Robert Dinwiddie (1693 – 27 July 1770) was a British colonial administrator who served as lieutenant governor of colonial Virginia from 1751 to 1758, first under Governor Willem Anne van Keppel, 2nd Earl of Albemarle, and then, from July 1756 to January 1758, as deputy for John Campbell, 4th Earl of Loudoun. Since the governors at that time were largely absentee, he was the de facto head of the colony for much of the time.

French and Indian War

Dinwiddie's actions as lieutenant governor are commonly cited as precipitating the French and Indian War. He wanted to limit French expansion in Ohio Country, an area claimed by the Virginia Colony and in which the Ohio Company, of which he was a stockholder,[1] had made preliminary surveys and some small settlements.

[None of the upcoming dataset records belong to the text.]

(* No natural number occurs three or more times in the sequence $(a(n))_{n\ge 0}$; that is, there do not exist $x<y<z$ in $\mathbb{N}$ with $a(x)=a(y)=a(z)$.
   Context: $\mathbb{N}=\{0,1,2,\ldots\}$. Let $(F_n)_{n\ge 0}$ be the Fibonacci numbers: $F_0=0$, $F_1=1$, $F_n=F_{n-1}+F_{n-2}$ for $n\ge 2$. Define $(a(n))_{n\ge 0}$ (OEIS A105774) by $a(0)=0$, $a(1)=1$, and for $n\ge 2$, $a(n)=F_{j+1}-a(n-F_j)$, where $j\ge 2$ is the unique index with $F_j<n\le F_{j+1}$. *)

theory Defs
  imports "HOL-Number_Theory.Fib"
begin

text \<open>The index j >= 2 with F_j < n <= F_(j+1), for n >= 2 (unique since fib is
strictly increasing from index 2).\<close>
definition fidx :: "nat \<Rightarrow> nat" where
  "fidx n = (THE j. 2 \<le> j \<and> fib j < n \<and> n \<le> fib (Suc j))"

text \<open>OEIS A105774: a(0)=0, a(1)=1, a(n) = F_(j+1) - a(n - F_j) for n >= 2.
The recursion is well-founded since F_j >= 1 for j >= 2; to make the definition
total regardless, recursion is guarded by 0 < fib (fidx n) < n (always true).\<close>
function a :: "nat \<Rightarrow> int" where
  "a n = (if n = 0 then 0 else if n = 1 then 1
          else if 0 < fib (fidx n) \<and> fib (fidx n) < n
               then int (fib (Suc (fidx n))) - a (n - fib (fidx n))
               else undefined)"
  by auto
termination
  by (relation "measure id") auto

end

theory Submission
  imports Defs
begin

text \<open>The sequence maps each Fibonacci block \<open>(F_j, F_(j+1)]\<close> into \<open>[F_j, F_(j+1))\<close>, so
  equal values only occur at indices in a common block. Inside a block
  \<open>a(n) = F_(j+1) - a(n - F_j)\<close>, so a triple of equal values shifts down by \<open>F_j\<close> to another
  triple. By descent a triple would end with its smallest index at most 1; but the value 0 is
  taken only at 0 and the value 1 only at 1 and 2.\<close>

declare a.simps [simp del]

definition fib_block :: "nat \<Rightarrow> nat \<Rightarrow> bool" where
  "fib_block j n \<longleftrightarrow> 2 \<le> j \<and> fib j < n \<and> n \<le> fib (Suc j)"

lemma fib_block_exists:
  assumes "2 \<le> n"
  shows "\<exists>j. fib_block j n"
  using assms
proof (induction n rule: nat_induct_at_least)
  case base
  have "fib_block 2 2"
    by (simp add: fib_block_def numeral_3_eq_3)
  then show ?case ..
next
  case (Suc n)
  then obtain j where j: "fib_block j n" by blast
  show ?case
  proof (cases "Suc n \<le> fib (Suc j)")
    case True
    with j have "fib_block j (Suc n)"
      by (simp add: fib_block_def)
    then show ?thesis ..
  next
    case False
    have "0 < fib j"
      using j by (simp add: fib_block_def fib_neq_0_nat)
    with False j have "fib_block (Suc j) (Suc n)"
      using fib_plus_2 [of j] by (simp add: fib_block_def)
    then show ?thesis ..
  qed
qed

lemma fib_block_unique:
  assumes "fib_block i n" "fib_block j n"
  shows "i = j"
proof (rule ccontr)
  assume "i \<noteq> j"
  then have "fib (Suc i) \<le> fib j \<or> fib (Suc j) \<le> fib i"
    by (metis fib_mono linorder_neqE_nat Suc_leI)
  with assms show False
    by (auto simp: fib_block_def)
qed

lemma fib_block_fidx:
  assumes "2 \<le> n"
  shows "fib_block (fidx n) n"
proof -
  have "\<exists>!j. fib_block j n"
    using fib_block_exists [OF assms] fib_block_unique by blast
  then have "fib_block (THE j. fib_block j n) n"
    by (rule theI')
  then show ?thesis
    by (simp add: fidx_def fib_block_def)
qed

lemma fib_block_fib_pos: "fib_block j n \<Longrightarrow> 0 < fib j"
  by (simp add: fib_block_def fib_neq_0_nat)

lemma a_0 [simp]: "a 0 = 0"
  by (subst a.simps) simp

lemma a_Suc_0 [simp]: "a (Suc 0) = 1"
  by (subst a.simps) simp

lemma a_fib_block:
  assumes "fib_block j n"
  shows "a n = int (fib (Suc j)) - a (n - fib j)"
proof -
  have "2 \<le> n"
    using assms fib_block_fib_pos by (fastforce simp: fib_block_def)
  then have "fidx n = j"
    using assms fib_block_fidx fib_block_unique by blast
  with assms \<open>2 \<le> n\<close> show ?thesis
    using fib_block_fib_pos [OF assms] by (subst a.simps) (simp add: fib_block_def)
qed

lemma a_fib_block_bounds:
  assumes "fib_block j n"
  shows "int (fib j) \<le> a n \<and> a n < int (fib (Suc j))"
  using assms
proof (induction n arbitrary: j rule: less_induct)
  case (less n)
  then obtain i where i: "j = Suc i" "1 \<le> i"
    by (cases j) (auto simp: fib_block_def)
  define m where "m = n - fib j"
  have fib_Suc_j: "fib (Suc j) = fib j + fib i"
    using fib_plus_2 [of i] i by simp
  have m: "1 \<le> m" "m \<le> fib i" "m < n"
    using less.prems fib_Suc_j fib_block_fib_pos [OF less.prems] by (auto simp: m_def fib_block_def)
  have "1 \<le> a m \<and> a m \<le> int (fib i)"
  proof (cases "m = 1")
    case True
    then show ?thesis
      using fib_neq_0_nat [of i] i by simp
  next
    case False
    then obtain k where k: "fib_block k m"
      using m fib_block_exists by fastforce
    have "k < i"
      using k m fib_mono [of i k] by (force simp: fib_block_def)
    then have "fib (Suc k) \<le> fib i"
      by (simp add: fib_mono)
    moreover have "0 < fib k"
      using fib_block_fib_pos [OF k] .
    ultimately show ?thesis
      using less.IH [OF \<open>m < n\<close> k] by linarith
  qed
  then show ?case
    using a_fib_block [OF less.prems] fib_Suc_j by (simp add: m_def)
qed

lemma a_pos:
  assumes "0 < n"
  shows "0 < a n"
proof (cases "n = 1")
  case False
  with assms have block: "fib_block (fidx n) n"
    using fib_block_fidx by simp
  then show ?thesis
    using a_fib_block_bounds [OF block] fib_block_fib_pos [OF block] by linarith
qed simp

lemma a_eq_1_imp:
  assumes "a n = 1"
  shows "n = 1 \<or> n = 2"
proof (cases "2 \<le> n")
  case True
  then have block: "fib_block (fidx n) n"
    by (rule fib_block_fidx)
  have "fidx n < 3"
  proof (rule ccontr)
    assume "\<not> fidx n < 3"
    then have "fib 3 \<le> fib (fidx n)"
      by (simp add: fib_mono)
    then show False
      using a_fib_block_bounds [OF block] assms by (simp add: numeral_3_eq_3)
  qed
  with block have "fidx n = 2"
    by (simp add: fib_block_def)
  with block show ?thesis
    by (simp add: fib_block_def numeral_3_eq_3)
next
  case False
  with assms show ?thesis
    by (cases n) auto
qed

lemma a_eq_imp_same_fib_block:
  assumes "fib_block i x" "fib_block j y" "a x = a y"
  shows "i = j"
proof (rule ccontr)
  assume "i \<noteq> j"
  then have "fib (Suc i) \<le> fib j \<or> fib (Suc j) \<le> fib i"
    by (metis fib_mono linorder_neqE_nat Suc_leI)
  with a_fib_block_bounds [OF assms(1)] a_fib_block_bounds [OF assms(2)] assms(3)
  show False
    by linarith
qed

lemma a_no_three_equal:
  assumes "x < y" "y < z" "a x = a y" "a y = a z"
  shows False
  using assms
proof (induction z arbitrary: x y rule: less_induct)
  case (less z)
  consider "x = 0" | "x = 1" | "2 \<le> x"
    by linarith
  then show False
  proof cases
    case 1
    then show False
      using less.prems a_pos [of y] by simp
  next
    case 2
    then have "a y = 1" "a z = 1"
      using less.prems by simp_all
    then have "y = 2" "z = 2"
      using a_eq_1_imp 2 less.prems by fastforce+
    with less.prems show False
      by simp
  next
    case 3
    define j where "j = fidx x"
    have x: "fib_block j x"
      using fib_block_fidx [OF 3] by (simp add: j_def)
    have y: "fib_block j y" and z: "fib_block j z"
      using less.prems 3 fib_block_fidx a_eq_imp_same_fib_block [OF x]
      by (metis less_imp_le_nat order.trans)+
    have "x - fib j < y - fib j" "y - fib j < z - fib j" "z - fib j < z"
      using less.prems x fib_block_fib_pos [OF x] by (auto simp: fib_block_def)
    moreover have "a (x - fib j) = a (y - fib j)" "a (y - fib j) = a (z - fib j)"
      using less.prems a_fib_block [OF x] a_fib_block [OF y] a_fib_block [OF z] by simp_all
    ultimately show False
      using less.IH by blast
  qed
qed

theorem proposition1:
  shows "\<not> (\<exists>x y z :: nat. x < y \<and> y < z \<and> a x = a y \<and> a y = a z)"
  using a_no_three_equal by blast

end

In 1753, Dinwiddie learned the French had built Fort Presque Isle near Lake Erie and Fort Le Boeuf, which he saw as threatening Virginia's interests in the Ohio Valley. He sent an eight-man expedition under George Washington to warn the French to withdraw. Washington, then only 21 years old, made the journey in midwinter of 1753-54. Washington arrived at Fort Le Boeuf on 11 December 1753. Jacques Legardeur de Saint-Pierre, commandant at Fort Le Boeuf, a tough veteran of the west, received Washington politely, but contemptuously rejected his blustering ultimatum.[2]

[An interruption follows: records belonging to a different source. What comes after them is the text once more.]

(* Let $N\ge2$ be an integer and $u=1/N$. For all real $\sigma\ge0$ and all $x\in[1/N,1]$, \[\Bigl|\sum_{k=0}^{\lfloor\sigma\rfloor}\hat F^k\varphi_0(x)-a(\sigma)\Bigr|\le\frac{N(N-1)}{2},\qquad\text{where } a(\sigma):=\frac{1}{\log N}\sum_{k=0}^{\lfloor\sigma\rfloor}\lambda\bigl(F^{-k}[1/N,1]\bigr).\]
   Context: $\lambda$ is Lebesgue measure; $F$ is the Farey map, $F(x)=x/(1-x)$ for $0\le x\le1/2$, $F(x)=(1-x)/x$ for $1/2<x\le1$. $\mu$ is the measure $d\mu=dx/x$ on $[0,1]$. $\hat F$ is the transfer operator of $F$ with respect to $\mu$, given explicitly by $\hat Ff(x)=\dfrac{f(x/(1+x))+x\,f(1/(1+x))}{1+x}$. $\varphi_0(x):=x$ on $[0,1]$. Note $a(\sigma)$ equals the $\mu$-average of $\sum_{k=0}^{\lfloor\sigma\rfloor}\hat F^k\varphi_0$ over $[1/N,1]$. *)

theory Defs
  imports "HOL-Analysis.Analysis"
begin

definition farey :: "real \<Rightarrow> real" where
  "farey x = (if x \<le> 1/2 then x / (1 - x) else (1 - x) / x)"

text \<open>Transfer operator of the Farey map with respect to dx/x (explicit formula).\<close>
definition farey_transfer :: "(real \<Rightarrow> real) \<Rightarrow> real \<Rightarrow> real" where
  "farey_transfer f x = (f (x / (1 + x)) + x * f (1 / (1 + x))) / (1 + x)"

definition phi0 :: "real \<Rightarrow> real" where
  "phi0 x = x"

definition a_sigma :: "nat \<Rightarrow> real \<Rightarrow> real" where
  "a_sigma N \<sigma> = (1 / ln (real N)) *
     (\<Sum>k=0..nat \<lfloor>\<sigma>\<rfloor>. measure lborel {x \<in> {0..1}. (farey ^^ k) x \<in> {1 / real N..1}})"

end

theory Submission
  imports Defs
begin

text \<open>
  Write S_n for the sum of the iterates F^k \<phi>0, k \<le> n, of the transfer operator F. Since
  S_(n+1) = \<phi>0 + F S_n, the substitution S_n(x) = W_n(1/x) - 1/x turns the recursion into
  W_(n+1) = T W_n with W_0(t) = t + 1/t and (T W)(t) = (t W(t+1) + W(1+1/t)) / (t+1).
  A computation with first and second derivatives shows that T preserves the functions that are
  nondecreasing, convex and 1-Lipschitz on [1,\<infinity>); hence S_n takes values in
  [W_n(1) - N, W_n(1) - 1] on [1/N,1].
  On the other hand F^k \<phi>0(x) = x \<rho>_k(x), where \<rho>_k is the density of the image of Lebesgue
  measure under the k-th iterate of the Farey map. So a(\<sigma>) is the average of S_n with respect to
  dy / (y log N) on [1/N,1] and lies in the same interval, and the difference is at most
  N - 1 \<le> N(N-1)/2.
\<close>

definition recip_step :: "(real \<Rightarrow> real) \<Rightarrow> real \<Rightarrow> real" where
  "recip_step V t = (t * V (t + 1) + V (1 + 1/t)) / (t + 1)"

definition recip_step_deriv :: "(real \<Rightarrow> real) \<Rightarrow> (real \<Rightarrow> real) \<Rightarrow> real \<Rightarrow> real" where
  "recip_step_deriv V V' t =
     (V (t + 1) - V (1 + 1/t)) / (t + 1)^2 + t * V' (t + 1) / (t + 1) - V' (1 + 1/t) / (t^2 * (t + 1))"

definition recip_step_deriv2 ::
    "(real \<Rightarrow> real) \<Rightarrow> (real \<Rightarrow> real) \<Rightarrow> (real \<Rightarrow> real) \<Rightarrow> real \<Rightarrow> real" where
  "recip_step_deriv2 V V' V'' t =
     (V' (t + 1) + V' (1 + 1/t) / t^2) / (t + 1)^2 - 2 * (V (t + 1) - V (1 + 1/t)) / (t + 1)^3
     + V' (t + 1) / (t + 1)^2 + t * V'' (t + 1) / (t + 1)
     + V'' (1 + 1/t) / (t^4 * (t + 1)) + V' (1 + 1/t) * (3 * t + 2) / (t^3 * (t + 1)^2)"

lemma DERIV_comp_shift:
  assumes "\<forall>u>0. (V has_real_derivative V' u) (at u)" and "t > 0"
  shows "((\<lambda>s. V (s + 1)) has_real_derivative V' (t + 1)) (at t)"
proof -
  have "(V has_real_derivative V' (t + 1)) (at (t + 1))"
    using assms by simp
  then have "((\<lambda>s. V (s + 1)) has_real_derivative V' (t + 1) * 1) (at t)"
    by (rule DERIV_chain2) (auto intro!: derivative_eq_intros)
  then show ?thesis
    by simp
qed

lemma DERIV_comp_recip_shift:
  assumes "\<forall>u>0. (V has_real_derivative V' u) (at u)" and "t > 0"
  shows "((\<lambda>s. V (1 + 1/s)) has_real_derivative - V' (1 + 1/t) / t^2) (at t)"
proof -
  have "(V has_real_derivative V' (1 + 1/t)) (at (1 + 1/t))"
    using assms by (simp add: add_pos_pos)
  then have "((\<lambda>s. V (1 + 1/s)) has_real_derivative V' (1 + 1/t) * (- 1/t^2)) (at t)"
    by (rule DERIV_chain2) (use assms(2) in \<open>auto intro!: derivative_eq_intros simp: power2_eq_square\<close>)
  then show ?thesis
    by simp
qed

lemma DERIV_recip_step:
  assumes V: "\<forall>u>0. (V has_real_derivative V' u) (at u)" and t: "t > 0"
  shows "(recip_step V has_real_derivative recip_step_deriv V V' t) (at t)"
  unfolding recip_step_def [abs_def]
proof (rule DERIV_cong)
  show "((\<lambda>s. (s * V (s + 1) + V (1 + 1/s)) / (s + 1)) has_real_derivative
      ((V (t + 1) + V' (t + 1) * t - V' (1 + 1/t) / t^2) * (t + 1)
        - (t * V (t + 1) + V (1 + 1/t))) / (t + 1)^2) (at t)"
    using t DERIV_comp_shift [OF V t] DERIV_comp_recip_shift [OF V t]
    by (auto intro!: derivative_eq_intros simp: power2_eq_square)
  have "((a + p * t - q / t^2) * (t + 1) - (t * a + b)) / (t + 1)^2
      = (a - b) / (t + 1)^2 + t * p / (t + 1) - q / (t^2 * (t + 1))" for a b p q
    using t by (simp add: divide_simps) (simp add: algebra_simps power2_eq_square)
  then show "((V (t + 1) + V' (t + 1) * t - V' (1 + 1/t) / t^2) * (t + 1)
        - (t * V (t + 1) + V (1 + 1/t))) / (t + 1)^2 = recip_step_deriv V V' t"
    unfolding recip_step_deriv_def by simp
qed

Jacquess Saint-Pierre gave Washington three days hospitality at the fort, and then gave Washington a letter for him to deliver to Dinwiddie. The letter ordered the Governor of Virginia to deliver his demand to the Major General of New France in the capital, Quebec City.[3]

In January 1754, even before learning of the French refusal, Dinwiddie sent a small force of Virginia militia to build a fort at the forks of the Ohio River, where the Allegheny and Monongahela Rivers merge to form the Ohio (present-day Pittsburgh). The French quickly drove off the Virginians and built a larger fort on the site, calling it Fort Duquesne, in honour of the Marquis de Duquesne, who had recently become governor of New France. In early spring 1754, Dinwiddie sent Washington to build a road to the Monongahela. After having attacked the French at the Battle of Jumonville Glen, Washington retreated and built a small stockade, Fort Necessity, at a spot then called "Great Meadows", by the Youghiogheny River, eleven miles southeast of present-day Uniontown. Here he encountered the French in a skirmish on 3 July 1754 and was forced to surrender. Dinwiddie was subsequently active in rallying other colonies in defense against France and ultimately prevailed upon the British to send General Edward Braddock to Virginia with two regiments of regular troops.

Dinwiddie's administration was marked by frequent disagreements with the Assembly over finances. In January 1758 he left Virginia and lived in England until his death at Clifton, Bristol.


Dinwiddie County, Virginia, which lies 30 miles south of Richmond, is named in honor of Robert Dinwiddie. In Portsmouth, Virginia a hotel was opened in his honor [1]


  1. Anderson, F.: "Crucible of War", page 37. Vintage Books, 2000.
  2. "France in America, Fitzhenry & Whiteside Limited, p. 181
  3. Nos racines, l'histoire vivante des Québécois, Éditions Comémorative, Livre-Loisir Ltée. p457

Anderson, Fred (2001). Crucible of war: the Seven Years' War and the fate of empire in British North America, 1754-1766. New York: Vintage Books. ISBN 0-375-70636-4.